Take from the data every line in which the word "obtains" is found.

■ Source data
--- START ---

(* Let $G=(V,E,p,(V_{E},V_{O}))$ be a parity game, let $\rho_0,\rho_1,\dots,\rho_t$ be a lifting sequence on $G$, and let $LH$ be the corresponding lifting history graph. If there is a path in $LH$ containing at least one edge from a node $(w,m)$ to a node $(w,m')$ (with the same vertex $w$), then $m>m'$.
   Context: A parity game $G=(V,E,p,(V_{E},V_{O}))$: finite vertex set $V$ partitioned into $V_{E}$ (Even) and $V_{O}$ (Odd), total edge relation $E$, priorities $p:V\to\mathbb{N}$; $\mathrm{post}(v)=\{w:(v,w)\in E\}$, $V_i=\{v:p(v)=i\}$. Let $d$ be one more than the largest priority. $\mathbb{M}$ consists of $\top$ and all tuples $(m_0,\dots,m_{d-1})\in\mathbb{N}^d$ with $m_i=0$ for even $i$ and $m_i\le |V_i|$ for odd $i$, ordered lexicographically with $\top$ above all tuples; $m<_i m'$ compares only positions $0..i$ lexicographically (tuples $<_i\top$, $\top=_i\top$). For $\rho:V\to\mathbb{M}$ and $w\in\mathrm{post}(v)$, $\mathrm{Prog}(\rho,v,w)$ is the least $m\in\mathbb{M}$ with $m\ge_{p(v)}\rho(w)$ if $p(v)$ is even, and with $m>_{p(v)}\rho(w)$ or $m=\rho(w)=\top$ if $p(v)$ is odd. $\mathrm{Lift}(\rho,v)$ is $\rho$ with the value at $v$ replaced by $\max\{\rho(v),\min_{w\in\mathrm{post}(v)}\mathrm{Prog}(\rho,v,w)\}$ if $v\in V_{E}$ and by $\max\{\rho(v),\max_{w\in\mathrm{post}(v)}\mathrm{Prog}(\rho,v,w)\}$ if $v\in V_{O}$. A lifting sequence is $\rho_0,\dots,\rho_t$ with $\rho_0$ the constant function $(0,\dots,0)$ and $\rho_{j+1}=\mathrm{Lift}(\rho_j,v_j)\neq\rho_j$ for some vertex $v_j$. The lifting history graph $LH$ of such a sequence has as nodes all pairs $(v,m)\in V\times\mathbb{M}$ such that $\rho_i(v)=m$ for some $i\le t$, and an edge from $(v,m)$ to $(w,m')$ iff $w\in\mathrm{post}(v)$ and there exists $i\le t$ with $m=\rho_i(v)>\rho_{i-1}(v)$ and either $v\ne w$ and $\rho_{i-1}(w)=\rho_i(w)=m'$, or $v=w$ and $\rho_{i-1}(v)=m'$. *)

theory Defs
  imports Main
begin

text \<open>A parity game is given by a finite vertex set V, the Even vertices VE \<subseteq> V
  (the Odd vertices are V - VE), a total edge relation E \<subseteq> V \<times> V and priorities p.\<close>

definition parity_game :: "'v set \<Rightarrow> 'v set \<Rightarrow> ('v \<times> 'v) set \<Rightarrow> ('v \<Rightarrow> nat) \<Rightarrow> bool" where
  "parity_game V VE E p \<longleftrightarrow> finite V \<and> VE \<subseteq> V \<and> E \<subseteq> V \<times> V \<and> (\<forall>v\<in>V. \<exists>w. (v, w) \<in> E)"

definition post :: "('v \<times> 'v) set \<Rightarrow> 'v \<Rightarrow> 'v set" where
  "post E v = {w. (v, w) \<in> E}"

definition prio_class :: "'v set \<Rightarrow> ('v \<Rightarrow> nat) \<Rightarrow> nat \<Rightarrow> 'v set" where
  "prio_class V p i = {v \<in> V. p v = i}"

definition dim :: "'v set \<Rightarrow> ('v \<Rightarrow> nat) \<Rightarrow> nat" where
  "dim V p = Suc (Max (p ` V))"

datatype meas = Tup "nat list" | Top

definition lex_less :: "nat list \<Rightarrow> nat list \<Rightarrow> bool" where
  "lex_less xs ys \<longleftrightarrow> (\<exists>k. k < length xs \<and> k < length ys \<and> take k xs = take k ys \<and> xs ! k < ys ! k)"

fun meas_le :: "meas \<Rightarrow> meas \<Rightarrow> bool" where
  "meas_le _ Top = True"
| "meas_le Top (Tup _) = False"
| "meas_le (Tup xs) (Tup ys) = (xs = ys \<or> lex_less xs ys)"

definition meas_lt :: "meas \<Rightarrow> meas \<Rightarrow> bool" where
  "meas_lt m m' \<longleftrightarrow> meas_le m m' \<and> m \<noteq> m'"

fun trunc :: "nat \<Rightarrow> meas \<Rightarrow> meas" where
  "trunc i (Tup xs) = Tup (take (Suc i) xs)"
| "trunc i Top = Top"

definition meas_le_i :: "nat \<Rightarrow> meas \<Rightarrow> meas \<Rightarrow> bool" where
  "meas_le_i i m m' \<longleftrightarrow> meas_le (trunc i m) (trunc i m')"

definition meas_lt_i :: "nat \<Rightarrow> meas \<Rightarrow> meas \<Rightarrow> bool" where
  "meas_lt_i i m m' \<longleftrightarrow> meas_lt (trunc i m) (trunc i m')"

definition Meas :: "'v set \<Rightarrow> ('v \<Rightarrow> nat) \<Rightarrow> meas set" where
  "Meas V p = {Top} \<union> {Tup xs | xs. length xs = dim V p \<and>
      (\<forall>i < dim V p. (even i \<longrightarrow> xs ! i = 0) \<and> (odd i \<longrightarrow> xs ! i \<le> card (prio_class V p i)))}"

definition zero_meas :: "'v set \<Rightarrow> ('v \<Rightarrow> nat) \<Rightarrow> meas" where
  "zero_meas V p = Tup (replicate (dim V p) 0)"

definition least_meas :: "meas set \<Rightarrow> meas" where
  "least_meas S = (THE m. m \<in> S \<and> (\<forall>m'\<in>S. meas_le m m'))"

definition greatest_meas :: "meas set \<Rightarrow> meas" where
  "greatest_meas S = (THE m. m \<in> S \<and> (\<forall>m'\<in>S. meas_le m' m))"

definition max_meas :: "meas \<Rightarrow> meas \<Rightarrow> meas" where
  "max_meas a b = (if meas_le a b then b else a)"

definition Prog :: "'v set \<Rightarrow> ('v \<Rightarrow> nat) \<Rightarrow> ('v \<Rightarrow> meas) \<Rightarrow> 'v \<Rightarrow> 'v \<Rightarrow> meas" where
  "Prog V p \<rho> v w =
     (if even (p v) then least_meas {m \<in> Meas V p. meas_le_i (p v) (\<rho> w) m}
      else least_meas {m \<in> Meas V p. meas_lt_i (p v) (\<rho> w) m \<or> (m = \<rho> w \<and> \<rho> w = Top)})"

definition Lift :: "'v set \<Rightarrow> 'v set \<Rightarrow> ('v \<times> 'v) set \<Rightarrow> ('v \<Rightarrow> nat) \<Rightarrow> ('v \<Rightarrow> meas) \<Rightarrow> 'v \<Rightarrow> ('v \<Rightarrow> meas)" where
  "Lift V VE E p \<rho> v = \<rho>(v := max_meas (\<rho> v)
     (if v \<in> VE then least_meas (Prog V p \<rho> v ` post E v)
      else greatest_meas (Prog V p \<rho> v ` post E v)))"

definition lifting_sequence :: "'v set \<Rightarrow> 'v set \<Rightarrow> ('v \<times> 'v) set \<Rightarrow> ('v \<Rightarrow> nat) \<Rightarrow> (nat \<Rightarrow> 'v \<Rightarrow> meas) \<Rightarrow> nat \<Rightarrow> bool" where
  "lifting_sequence V VE E p \<rho> t \<longleftrightarrow>
     \<rho> 0 = (\<lambda>_. zero_meas V p) \<and>
     (\<forall>j < t. \<exists>v \<in> V. \<rho> (Suc j) = Lift V VE E p (\<rho> j) v \<and> \<rho> (Suc j) \<noteq> \<rho> j)"

definition LH_nodes :: "'v set \<Rightarrow> (nat \<Rightarrow> 'v \<Rightarrow> meas) \<Rightarrow> nat \<Rightarrow> ('v \<times> meas) set" where
  "LH_nodes V \<rho> t = {(v, m). v \<in> V \<and> (\<exists>i \<le> t. \<rho> i v = m)}"

definition LH_edges :: "('v \<times> 'v) set \<Rightarrow> (nat \<Rightarrow> 'v \<Rightarrow> meas) \<Rightarrow> nat \<Rightarrow> (('v \<times> meas) \<times> ('v \<times> meas)) set" where
  "LH_edges E \<rho> t = {((v, m), (w, m')). w \<in> post E v \<and>
      (\<exists>i. 1 \<le> i \<and> i \<le> t \<and> m = \<rho> i v \<and> meas_lt (\<rho> (i - 1) v) (\<rho> i v) \<and>
          ((v \<noteq> w \<and> \<rho> (i - 1) w = m' \<and> \<rho> i w = m') \<or> (v = w \<and> \<rho> (i - 1) v = m')))}"

end

theory Submission
  imports Defs
begin

text \<open>Every edge of the lifting history graph points backwards in time: its source value
  was produced by a lift at some step i, and its target value was held at step i - 1.
  Along a path the lifting times therefore strictly decrease, since a value produced by a
  lift at step j is never held before step j (lifting sequences are pointwise monotone).
  Hence the value m' at the end of a path from (w, m) to (w, m') was held by w strictly
  before the lift that produced m, so it lies strictly below m.\<close>

lemma lex_less_trans: "lex_less xs ys \<Longrightarrow> lex_less ys zs \<Longrightarrow> lex_less xs zs"
  unfolding lex_less_def
proof (elim exE conjE)
  fix k1 k2
  assume a: "k1 < length xs" "k1 < length ys" "take k1 xs = take k1 ys" "xs ! k1 < ys ! k1"
     and b: "k2 < length ys" "k2 < length zs" "take k2 ys = take k2 zs" "ys ! k2 < zs ! k2"
  show "\<exists>k. k < length xs \<and> k < length zs \<and> take k xs = take k zs \<and> xs ! k < zs ! k"
  proof (cases "k1 < k2")
    case True
    have "take k1 ys = take k1 zs" using b(3) True
      by (metis min.strict_order_iff take_take)
    moreover have "ys ! k1 = zs ! k1" using b(3) True
      by (metis nth_take)
    ultimately show ?thesis using a True b(2) by (intro exI[of _ k1]) auto
  next
    case False
    then have "k2 \<le> k1" by simp
    then have "take k2 xs = take k2 ys" using a(3) by (metis min.absorb1 take_take)
    moreover have "xs ! k2 \<le> ys ! k2"
    proof (cases "k2 = k1")
      case True
      then show ?thesis using a by simp
    next
      case False
      then show ?thesis using a(3) \<open>k2 \<le> k1\<close> by (metis le_neq_implies_less nth_take order.refl)
    qed
    ultimately show ?thesis using a b \<open>k2 \<le> k1\<close> by (intro exI[of _ k2]) auto
  qed
qed

lemma lex_less_irrefl: "\<not> lex_less xs xs"
  unfolding lex_less_def by auto

lemma meas_le_refl: "meas_le a a"
  by (cases a) auto

lemma meas_le_trans: "meas_le a b \<Longrightarrow> meas_le b c \<Longrightarrow> meas_le a c"
  by (cases a; cases b; cases c) (auto dest: lex_less_trans)

lemma meas_le_antisym: "meas_le a b \<Longrightarrow> meas_le b a \<Longrightarrow> a = b"
  by (cases a; cases b) (auto dest: lex_less_trans simp: lex_less_irrefl)

lemma meas_le_lt_trans: "meas_le a b \<Longrightarrow> meas_lt b c \<Longrightarrow> meas_lt a c"
  unfolding meas_lt_def using meas_le_trans meas_le_antisym by metis

lemma meas_le_Lift: "meas_le (\<rho> v) (Lift V VE E p \<rho> u v)"
  unfolding Lift_def max_meas_def by (auto simp: meas_le_refl)

lemma lifting_sequence_mono:
  assumes "lifting_sequence V VE E p \<rho> t" "k \<le> l" "l \<le> t"
  shows "meas_le (\<rho> k v) (\<rho> l v)"
  using assms(2,3)
proof (induction l rule: dec_induct)
  case base
  show ?case by (rule meas_le_refl)
next
  case (step l)
  have "meas_le (\<rho> l v) (\<rho> (Suc l) v)"
    using assms(1) step.prems meas_le_Lift unfolding lifting_sequence_def by (metis Suc_le_lessD)
  with step show ?case using meas_le_trans by auto
qed

lemma lifting_sequence_lifted_value_not_before:
  assumes "lifting_sequence V VE E p \<rho> t" "meas_lt (\<rho> (j - 1) v) (\<rho> j v)" "j \<le> t"
    and "\<rho> k v = \<rho> j v"
  shows "j \<le> k"
proof (rule ccontr)
  assume "\<not> j \<le> k"
  then have "meas_le (\<rho> k v) (\<rho> (j - 1) v)"
    using lifting_sequence_mono[OF assms(1)] assms(3) by simp
  then have "meas_lt (\<rho> k v) (\<rho> j v)"
    using assms(2) meas_le_lt_trans by blast
  with assms(4) show False
    unfolding meas_lt_def by simp
qed

lemma LH_edgeE:
  assumes "((v, m), (u, n)) \<in> LH_edges E \<rho> t"
  obtains i where "1 \<le> i" "i \<le> t" "m = \<rho> i v" "meas_lt (\<rho> (i - 1) v) (\<rho> i v)"
    "n = \<rho> (i - 1) u"
  using assms unfolding LH_edges_def by auto

lemma LH_path_backwards_in_time:
  assumes ls: "lifting_sequence V VE E p \<rho> t"
    and "((w, m), (u, n)) \<in> (LH_edges E \<rho> t)\<^sup>+"
  obtains i k where "1 \<le> i" "i \<le> t" "m = \<rho> i w" "meas_lt (\<rho> (i - 1) w) (\<rho> i w)"
    "1 \<le> k" "k \<le> i" "n = \<rho> (k - 1) u"
  using assms(2)
proof (induction "(u, n)" arbitrary: u n thesis rule: trancl_induct)
  case base
  then show ?case by (metis LH_edgeE order_refl)
next
  case (step y u n)
  obtain x nx where y: "y = (x, nx)" by (cases y)
  obtain i k where path: "1 \<le> i" "i \<le> t" "m = \<rho> i w" "meas_lt (\<rho> (i - 1) w) (\<rho> i w)"
      "k \<le> i" "1 \<le> k" "nx = \<rho> (k - 1) x"
    using step.hyps(3)[OF y] by metis
  obtain j where edge: "1 \<le> j" "j \<le> t" "nx = \<rho> j x" "meas_lt (\<rho> (j - 1) x) (\<rho> j x)"
      "n = \<rho> (j - 1) u"
    using step.hyps(2) y by (auto elim: LH_edgeE)
  have "j \<le> k - 1"
    using lifting_sequence_lifted_value_not_before[OF ls edge(4,2)] path(7) edge(3) by simp
  then show ?case
    using step.prems path edge by simp
qed

theorem proposition4:
  fixes V VE :: "'v set" and E :: "('v \<times> 'v) set" and p :: "'v \<Rightarrow> nat"
    and \<rho> :: "nat \<Rightarrow> 'v \<Rightarrow> meas" and t :: nat and w :: 'v and m m' :: meas
  assumes "parity_game V VE E p"
    and "lifting_sequence V VE E p \<rho> t"
    and "((w, m), (w, m')) \<in> (LH_edges E \<rho> t)\<^sup>+"
  shows "meas_lt m' m"
proof -
  obtain i k where "i \<le> t" "m = \<rho> i w" "meas_lt (\<rho> (i - 1) w) (\<rho> i w)"
      "k \<le> i" "m' = \<rho> (k - 1) w"
    using LH_path_backwards_in_time[OF assms(2,3)] by metis
  moreover have "meas_le (\<rho> (k - 1) w) (\<rho> (i - 1) w)"
    using lifting_sequence_mono[OF assms(2)] \<open>k \<le> i\<close> \<open>i \<le> t\<close> by simp
  ultimately show ?thesis
    using meas_le_lt_trans by blast
qed

end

--- END ---

■ TASK SOLUTION
  obtains i where "1 \<le> i" "i \<le> t" "m = \<rho> i v" "meas_lt (\<rho> (i - 1) v) (\<rho> i v)"
  obtains i k where "1 \<le> i" "i \<le> t" "m = \<rho> i w" "meas_lt (\<rho> (i - 1) w) (\<rho> i w)"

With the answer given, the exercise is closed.